Are the NYPL wars truly over? Four questions need immediate clarification. First, will Marx repair the decrepit Mid-Manhattan Library, or will he let it deteriorate even further so as to sell it down the road under a more developer-friendly mayor? Second, in 2013 the NYPL hastily removed 3 million books from the stacks in preparation for their demolition. The Wall Street Journal has reported that the stacks will remain empty, an unacceptable outcome for a building that was designed as a splendid machine for book storage and delivery. Marx should convene a public meeting in the library’s Celeste Bartos Forum to discuss the future of the stacks and the various alternatives for them. (He must also clarify how many books and photographs were damaged when the stacks were emptied.) Third, Norman Foster has already received $9 million for a design that was partly scrapped—a reckless disbursement of funds from a library system in chronic financial difficulty. Marx has refused to reveal the source of that money. Did it come from the NYPL, or from one or several of its trustees? Last, will the NYPL’s eighty-eight branch libraries, many of which are in poor neighborhoods, now receive the funds they need to flourish?
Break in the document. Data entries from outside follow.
lemma is_solution_unique:
  assumes s1: "is_solution C (mat_op C f) s1" and s2: "is_solution C (mat_op C f) s2"
    and same_start: "s1 0 = s2 0" and t: "t \<ge> 0"
  shows "s1 t = s2 t"
proof -
  define w where "w = (\<lambda>\<tau> n. s1 \<tau> n - s2 \<tau> n)"
  define E where "E = (\<lambda>\<tau>. \<Sum>n\<le>C. (w \<tau> n)\<^sup>2)"
  have "(E has_real_derivative 2 * (\<Sum>n\<le>C. w \<tau> n * mat_op C f (w \<tau>) n)) (at \<tau> within {0..})"
    if "\<tau> \<ge> 0" for \<tau>
  proof -
    have "(E has_real_derivative (\<Sum>n\<le>C. 2 * w \<tau> n * (mat_op C f (s1 \<tau>) n - mat_op C f (s2 \<tau>) n)))
        (at \<tau> within {0..})"
      unfolding E_def w_def
      by (rule DERIV_sum, rule derivative_eq_intros, rule derivative_eq_intros)
        (use s1 s2 that in \<open>auto simp: is_solution_def\<close>)
    then show ?thesis
      by (simp add: mat_op_diff w_def sum_distrib_left algebra_simps)
  qed
  moreover have "2 * (\<Sum>n\<le>C. w \<tau> n * mat_op C f (w \<tau>) n) \<le> 2 * mat_abs_sum C f * E \<tau>" for \<tau>
    using sum_mult_mat_op_le[where w = "w \<tau>"] by (simp add: E_def)
  moreover have "E 0 \<le> 0"
    by (simp add: E_def w_def same_start)
  ultimately have "E t \<le> 0"
    by (rule nonpos_if_deriv_le_linear[OF _ _ _ t])
  then have "E t = 0"
    using sum_nonneg[of "{..C}" "\<lambda>n. (w t n)\<^sup>2"] by (simp add: E_def)
  then have "\<forall>n\<in>{..C}. (w t n)\<^sup>2 = 0"
    unfolding E_def by (subst (asm) sum_nonneg_eq_0_iff) auto
  moreover have "inV C (s1 t)" "inV C (s2 t)"
    using s1 s2 t by (auto simp: is_solution_def)
  ultimately show ?thesis
    by (intro ext, case_tac "x \<le> C") (auto simp: w_def inV_def)
qed
subsection \<open>Nonnegative matrices with bounded column sums\<close>

locale nonneg_matrix =
  fixes C :: nat and g :: "nat \<Rightarrow> nat \<Rightarrow> real" and K :: real
  assumes entry_nonneg: "\<And>n m. n \<le> C \<Longrightarrow> m \<le> C \<Longrightarrow> g n m \<ge> 0"
    and col_sum_le: "\<And>m. m \<le> C \<Longrightarrow> (\<Sum>n\<in>{1..C}. g n m) \<le> K"
    and bound_nonneg: "K \<ge> 0"
begin

lemma mat_op_nonneg: "(\<And>m. x m \<ge> 0) \<Longrightarrow> mat_op C g x n \<ge> 0"
  unfolding mat_op_def by (auto intro!: sum_nonneg mult_nonneg_nonneg entry_nonneg)

lemma mat_op_mono: "(\<And>m. x m \<le> y m) \<Longrightarrow> mat_op C g x n \<le> mat_op C g y n"
  unfolding mat_op_def by (auto intro!: sum_mono mult_left_mono entry_nonneg)

lemma abs_mat_op_le: "\<bar>mat_op C g x n\<bar> \<le> mat_op C g (\<lambda>m. \<bar>x m\<bar>) n"
  unfolding mat_op_def
  by (auto intro!: order_trans[OF sum_abs] sum_mono simp: abs_mult entry_nonneg)

lemma abs_funpow_mat_op_le:
  "\<bar>(mat_op C g ^^ k) x n\<bar> \<le> (mat_op C g ^^ k) (\<lambda>m. \<bar>x m\<bar>) n"
proof (induction k arbitrary: n)
  case 0
  then show ?case by simp
next
  case (Suc k)
  have "\<bar>(mat_op C g ^^ Suc k) x n\<bar> \<le> mat_op C g (\<lambda>m. \<bar>(mat_op C g ^^ k) x m\<bar>) n"
    using abs_mat_op_le by simp
  also have "\<dots> \<le> (mat_op C g ^^ Suc k) (\<lambda>m. \<bar>x m\<bar>) n"
    using mat_op_mono[of "\<lambda>m. \<bar>(mat_op C g ^^ k) x m\<bar>"] Suc by simp
  finally show ?case .
qed

lemma funpow_mat_op_nonneg: "(\<And>m. x m \<ge> 0) \<Longrightarrow> (mat_op C g ^^ k) x n \<ge> 0"
  by (induction k arbitrary: n) (auto intro: mat_op_nonneg)

lemma norm1_mat_op_nonneg_le:
  assumes "\<And>m. x m \<ge> 0" shows "norm1 C (mat_op C g x) \<le> K * norm1 C x"
proof -
  have "norm1 C (mat_op C g x) = (\<Sum>n\<in>insert 0 {1..C}. mat_op C g x n)"
    unfolding norm1_def using mat_op_nonneg[OF assms]
    by (intro sum.cong) (auto simp: not_less_eq_eq)
  also have "\<dots> = (\<Sum>n\<in>{1..C}. \<Sum>m\<le>C. g n m * x m)"
    by (simp add: mat_op_def)
  also have "\<dots> = (\<Sum>m\<le>C. (\<Sum>n\<in>{1..C}. g n m) * x m)"
    by (subst sum.swap) (simp add: sum_distrib_right)
  also have "\<dots> \<le> (\<Sum>m\<le>C. K * x m)"
    by (rule sum_mono) (use col_sum_le assms in \<open>auto intro: mult_right_mono\<close>)
  also have "\<dots> = K * norm1 C x"
    using assms by (simp add: norm1_def sum_distrib_left)
  finally show ?thesis .
qed

lemma norm1_funpow_mat_op_abs_le:
  "norm1 C ((mat_op C g ^^ k) (\<lambda>m. \<bar>x m\<bar>)) \<le> K ^ k * norm1 C x"
proof (induction k)
  case 0
  then show ?case by (simp add: norm1_def)
next
  case (Suc k)
  have "norm1 C ((mat_op C g ^^ Suc k) (\<lambda>m. \<bar>x m\<bar>)) \<le> K * norm1 C ((mat_op C g ^^ k) (\<lambda>m. \<bar>x m\<bar>))"
    using norm1_mat_op_nonneg_le funpow_mat_op_nonneg by simp
  also have "\<dots> \<le> K * (K ^ k * norm1 C x)"
    by (rule mult_left_mono[OF Suc bound_nonneg])
  finally show ?case by (simp add: mult.assoc)
qed

lemma norm1_expH_le:
  assumes t: "t \<ge> 0" shows "norm1 C (expH (mat_op C g) t x) \<le> exp (K * t) * norm1 C x"
proof -
  let ?G = "mat_op C g" and ?ax = "\<lambda>m. \<bar>x m\<bar>"
  let ?e = "\<lambda>k n. t ^ k / fact k * (?G ^^ k) ?ax n"
  have "norm1 C (expH ?G t x) \<le> (\<Sum>n\<le>C. \<Sum>k. ?e k n)"
    unfolding norm1_def expH_def
  proof (rule sum_mono)
    fix n
    have le: "\<bar>t ^ k / fact k * (?G ^^ k) x n\<bar> \<le> ?e k n" for k
    proof -
      have "\<bar>t ^ k / fact k * (?G ^^ k) x n\<bar> = t ^ k / fact k * \<bar>(?G ^^ k) x n\<bar>"
        using t by (simp add: abs_mult)
      also have "\<dots> \<le> ?e k n"
        by (rule mult_left_mono[OF abs_funpow_mat_op_le]) (use t in simp)
      finally show ?thesis .
    qed
    have abs_summable: "summable (\<lambda>k. \<bar>t ^ k / fact k * (?G ^^ k) x n\<bar>)"
      by (rule summable_rabs_comparison_test[OF _ summable_expH_series]) (use le in auto)
    show "\<bar>\<Sum>k. t ^ k / fact k * (?G ^^ k) x n\<bar> \<le> (\<Sum>k. ?e k n)"
      by (rule order_trans[OF summable_rabs[OF abs_summable]
            suminf_le[OF le abs_summable summable_expH_series]])
  qed
  also have "\<dots> = (\<Sum>k. \<Sum>n\<le>C. ?e k n)"
    by (rule suminf_sum[symmetric]) (rule summable_expH_series)
  also have "\<dots> = (\<Sum>k. t ^ k / fact k * norm1 C ((?G ^^ k) ?ax))"
    unfolding norm1_def by (simp add: funpow_mat_op_nonneg sum_distrib_left)
  also have "\<dots> \<le> (\<Sum>k. norm1 C x * (inverse (fact k) * (K * t) ^ k))"
  proof (rule suminf_le)
    show "summable (\<lambda>k. norm1 C x * (inverse (fact k) * (K * t) ^ k))"
      by (intro summable_mult summable_exp)
    show "summable (\<lambda>k. t ^ k / fact k * norm1 C ((?G ^^ k) ?ax))"
      using summable_sum[of "{..C}" "\<lambda>n k. ?e k n", OF summable_expH_series]
      unfolding norm1_def by (simp add: funpow_mat_op_nonneg sum_distrib_left)
    fix k
    have "t ^ k / fact k * norm1 C ((?G ^^ k) ?ax) \<le> t ^ k / fact k * (K ^ k * norm1 C x)"
      by (rule mult_left_mono[OF norm1_funpow_mat_op_abs_le]) (use t in simp)
    then show "t ^ k / fact k * norm1 C ((?G ^^ k) ?ax) \<le> norm1 C x * (inverse (fact k) * (K * t) ^ k)"
      by (simp add: power_mult_distrib field_simps)
  qed
  also have "\<dots> = norm1 C x * exp (K * t)"
  proof -
    have "(\<lambda>k. inverse (fact k) * (K * t) ^ k) sums exp (K * t)"
      using exp_converges[of "K * t"] by (simp add: field_simps)
    then show ?thesis by (simp add: sums_unique[symmetric] sums_summable[THEN suminf_mult])
  qed
  finally show ?thesis by (simp add: mult.commute)
qed

end

definition shift_diag :: "(nat \<Rightarrow> nat \<Rightarrow> real) \<Rightarrow> real \<Rightarrow> nat \<Rightarrow> nat \<Rightarrow> real" where
  "shift_diag f c n m = f n m + (if m = n then c else 0)"

lemma mat_op_shift_diag:
  "1 \<le> n \<Longrightarrow> n \<le> C \<Longrightarrow> mat_op C (shift_diag f c) x n = mat_op C f x n + c * x n"
  by (simp add: mat_op_def shift_diag_def distrib_right sum.distrib
      if_distrib[of "\<lambda>a. a * _"] cong: if_cong)

lemma expH_shift_diag:
  assumes x: "inV C x" and t: "t \<ge> 0"
  shows "expH (mat_op C f) t x = (\<lambda>n. exp (- c * t) * expH (mat_op C (shift_diag f c)) t x n)"
proof -
  let ?E = "\<lambda>\<tau>. expH (mat_op C (shift_diag f c)) \<tau> x"
  have "is_solution C (mat_op C f) (\<lambda>\<tau> n. exp (- c * \<tau>) * ?E \<tau> n)"
    unfolding is_solution_def
  proof (intro allI impI conjI)
    fix \<tau> :: real
    have "inV C (?E \<tau>)" by (rule expH_inV[OF x])
    then show "inV C (\<lambda>n. exp (- c * \<tau>) * ?E \<tau> n)" by (simp add: inV_def)
    fix n assume n: "n \<le> C"
    have "((\<lambda>\<tau>. exp (- c * \<tau>) * ?E \<tau> n) has_real_derivative
        exp (- c * \<tau>) * (- c) * ?E \<tau> n + exp (- c * \<tau>) * mat_op C (shift_diag f c) (?E \<tau>) n) (at \<tau>)"
      by (rule derivative_eq_intros expH_has_real_derivative refl)+ simp
    moreover have "exp (- c * \<tau>) * (- c) * ?E \<tau> n + exp (- c * \<tau>) * mat_op C (shift_diag f c) (?E \<tau>) n
        = mat_op C f (\<lambda>n. exp (- c * \<tau>) * ?E \<tau> n) n"
      using \<open>inV C (?E \<tau>)\<close> n mat_op_shift_diag[of n C f c "?E \<tau>"]
      by (cases "n = 0") (auto simp: mat_op_def inV_def sum_distrib_left algebra_simps)
    ultimately show "((\<lambda>\<tau>. exp (- c * \<tau>) * ?E \<tau> n) has_real_derivative
        mat_op C f (\<lambda>n. exp (- c * \<tau>) * ?E \<tau> n) n) (at \<tau> within {0..})"
      by (simp add: has_field_derivative_at_within)
  qed
  from is_solution_unique[OF expH_is_solution[OF x] this _ t] show ?thesis
    by (simp add: expH_0)
qed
Intrinsic to these questions is the matter of transparency in governance at the NYPL, which is a remarkably closed institution. Throughout the entire controversy, it did not release a single internal financial document about the CLP, nor did it release a cost analysis for the renovation. The NYPL’s librarians were almost entirely excluded from the process, and not a single public meeting preceded the creation of the CLP in 2007. Under state law, the mayor, the comptroller and the speaker of the City Council are obligated to appoint ex-officio representatives to the NYPL’s board. Bloomberg’s representative was his sister, Marjorie Tiven. Mayor de Blasio, Council Speaker Melissa Mark-Viverito and Comptroller Scott Stringer must appoint to the NYPL board independent voices who will bring sunlight to the internal proceedings and citizen accountability to one of the world’s greatest libraries.